Posted by slash6767 on August 19, 2002, at 18:53:24

I just stumbled across this site today while searching the web for *some* miracle relief for my Effexor XR withdrawls. Its relieving to see that I am not the only one who is or has suffered through getting off of Effexor, and I am hoping someone out there can shed some light for me on what I can do temporarily to ease this misery.

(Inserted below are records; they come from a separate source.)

definition taylor_shift :: "'a \<Rightarrow> nat \<Rightarrow> (nat \<Rightarrow> 'a) \<Rightarrow> nat \<Rightarrow> 'a::comm_semiring_1" where
  "taylor_shift \<theta> m c k = (\<Sum>r = k..m. of_nat (r choose k) * c r * \<theta> ^ (r - k))"

lemma taylor_shift_eq_0: "m < k \<Longrightarrow> taylor_shift \<theta> m c k = 0"
  by (simp add: taylor_shift_def)

lemma binary_form_taylor_shift:
  "binary_form c m q (p + \<theta> * q) = binary_form (taylor_shift \<theta> m c) m q p"
proof -
  define t where "t r k = of_nat (r choose k) * c r * \<theta> ^ (r - k) * q ^ (m - k) * p ^ k" for r k
  have "c r * q ^ (m - r) * (p + \<theta> * q) ^ r = (\<Sum>k\<in>{k \<in> {0..m}. k \<le> r}. t r k)"
    if "r \<le> m" for r
  proof -
    have "c r * q ^ (m - r) * (p + \<theta> * q) ^ r
        = (\<Sum>k\<le>r. of_nat (r choose k) * c r * \<theta> ^ (r - k) * (q ^ (m - r) * q ^ (r - k)) * p ^ k)"
      by (simp add: binomial_ring sum_distrib_left power_mult_distrib mult_ac)
    also have "\<dots> = (\<Sum>k\<le>r. t r k)"
      using that by (intro sum.cong) (simp_all add: t_def flip: power_add)
    also have "{..r} = {k \<in> {0..m}. k \<le> r}"
      using that by auto
    finally show ?thesis .
  qed
  then have "binary_form c m q (p + \<theta> * q) = (\<Sum>r\<in>{0..m}. \<Sum>k\<in>{k \<in> {0..m}. k \<le> r}. t r k)"
    unfolding binary_form_def by (intro sum.cong) auto
  also have "\<dots> = (\<Sum>k\<in>{0..m}. \<Sum>r\<in>{r \<in> {0..m}. k \<le> r}. t r k)"
    by (rule sum.swap_restrict) auto
  also have "\<dots> = binary_form (taylor_shift \<theta> m c) m q p"
    unfolding binary_form_def taylor_shift_def t_def
    by (intro sum.cong refl) (auto simp: sum_distrib_right intro!: sum.cong)
  finally show ?thesis .
qed

definition is_binary_form ::
    "nat \<Rightarrow> ('a \<Rightarrow> 'a \<Rightarrow> 'a) \<Rightarrow> ('a \<Rightarrow> 'a \<Rightarrow> 'a) \<Rightarrow> ('a \<Rightarrow> 'a \<Rightarrow> 'a::comm_semiring_1) \<Rightarrow> bool" where
  "is_binary_form m q p f \<longleftrightarrow> (\<exists>c. \<forall>x y. f x y = binary_form c m (q x y) (p x y))"

lemma is_binary_form_const: "is_binary_form 0 q p (\<lambda>x y. g)"
  unfolding is_binary_form_def binary_form_def by (rule exI[of _ "\<lambda>_. g"]) simp

lemma is_binary_form_mult_q:
  assumes "is_binary_form m q p f"
  shows "is_binary_form (Suc m) q p (\<lambda>x y. q x y * f x y)"
proof -
  from assms obtain c where "\<And>x y. f x y = binary_form c m (q x y) (p x y)"
    unfolding is_binary_form_def by blast
  then show ?thesis
    unfolding is_binary_form_def by (intro exI[of _ "c(Suc m := 0)"]) (simp add: binary_form_Suc_q)
qed

lemma is_binary_form_mult_p:
  assumes "is_binary_form m q p f"
  shows "is_binary_form (Suc m) q p (\<lambda>x y. p x y * f x y)"
proof -
  from assms obtain c where "\<And>x y. f x y = binary_form c m (q x y) (p x y)"
    unfolding is_binary_form_def by blast
  then show ?thesis
    unfolding is_binary_form_def by (intro exI[of _ "case_nat 0 c"]) (simp add: binary_form_Suc_p)
qed

lemma is_binary_form_lincomb:
  assumes "is_binary_form m q p f" "is_binary_form m q p g"
    and "\<And>x y. h x y = s * f x y + t * g x y"
  shows "is_binary_form m q p h"
proof -
  from assms(1,2) obtain c d where
    "\<And>x y. f x y = binary_form c m (q x y) (p x y)" "\<And>x y. g x y = binary_form d m (q x y) (p x y)"
    unfolding is_binary_form_def by metis
  with assms(3) show ?thesis
    unfolding is_binary_form_def
    by (intro exI[of _ "\<lambda>r. s * c r + t * d r"]) (simp add: binary_form_lincomb)
qed

definition sym_quad :: "'a \<Rightarrow> 'a \<Rightarrow> 'a \<Rightarrow> 'a \<Rightarrow> 'a::comm_semiring_1" where
  "sym_quad a b x y = a * x\<^sup>2 + b * x * y + a * y\<^sup>2"

lemma sym_quad_eq: "sym_quad a b x y = a * (x\<^sup>2 + y\<^sup>2) + b * (x * y)"
  unfolding sym_quad_def by (simp add: algebra_simps)

lemma is_binary_form_mult_sum_squares:
  fixes a b \<alpha> \<beta> :: "'a::comm_ring_1"
  assumes "is_binary_form m (sym_quad \<alpha> \<beta>) (sym_quad a b) f"
  shows "is_binary_form (Suc m) (sym_quad \<alpha> \<beta>) (sym_quad a b)
           (\<lambda>x y. (\<beta> * a - \<alpha> * b) * (x\<^sup>2 + y\<^sup>2) * f x y)"
  by (rule is_binary_form_lincomb[where s = \<beta> and t = "-b",
        OF is_binary_form_mult_p[OF assms] is_binary_form_mult_q[OF assms]])
     (simp add: sym_quad_def algebra_simps)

Anyhow.. I am a 22 year old male who has suffered with generalized anxiety disorder since I was diagnosed with it when I was about 10 years old. Throughout the years I have been prescribed prozac & paxil, as well as a few different benzos including xanax, valium, & ativan for anxiety. I have never really been a depressed person, just someone who suffered from panic attacks (daily) & unable to sleep at night due to my heart pounding out of my chest when I would turn out the lights and lay down. This is probably mild compared to many of your stories & I can honestly say that (I FEEL FOR YOU) to those people who have not been able to work, attend school, or leave the house due to severe anxiety. Anyhow... From ages 17 - 19 I got away from the meds completely. I rarely had anxiety attacks and I had felt that maybe I had "grown out of them". This was until my worthless friends introduced me to that wonderful feel good drug called Ecstasy... (can you feel the sarcasm?) I had never been one to do drugs or follow the crowd, but for some reason I convinced myself to try it. Throughout the summer of 2000, over a 3 month period I took ecstasy maybe 6 times on different weekend parties. This was honestly the biggest mistake I ever made in my life. Everything seemed fine until 1 day while driving to work "it happened again". I started panicing for no reason. All of those old fears, and memories came back & it was horrible. I was barely able to drive myself to work & it wouldn't stop. To make a long, agonizing story short this severe anxiety "episode" lasted for 3 months! I would go days without sleeping, staying up shaking on the couch watching tv, crying. I lost over 30 pounds, my life was a complete mess. Until I finally went back to doctor to admit that I had done something very stupid. Anyway, this new Dr. introduced me to Effexor XR. It was (at the time) a new AD that seemed to do well with anxiety and suggested that I try it. Needless to say, Effexor changed my life. Within a few months I was 100% normal again (aside from the lousy sexual side effects) and after about 6 months I decreased my dosage from 75mg to 37.5 where I have been at for about 1.5 years.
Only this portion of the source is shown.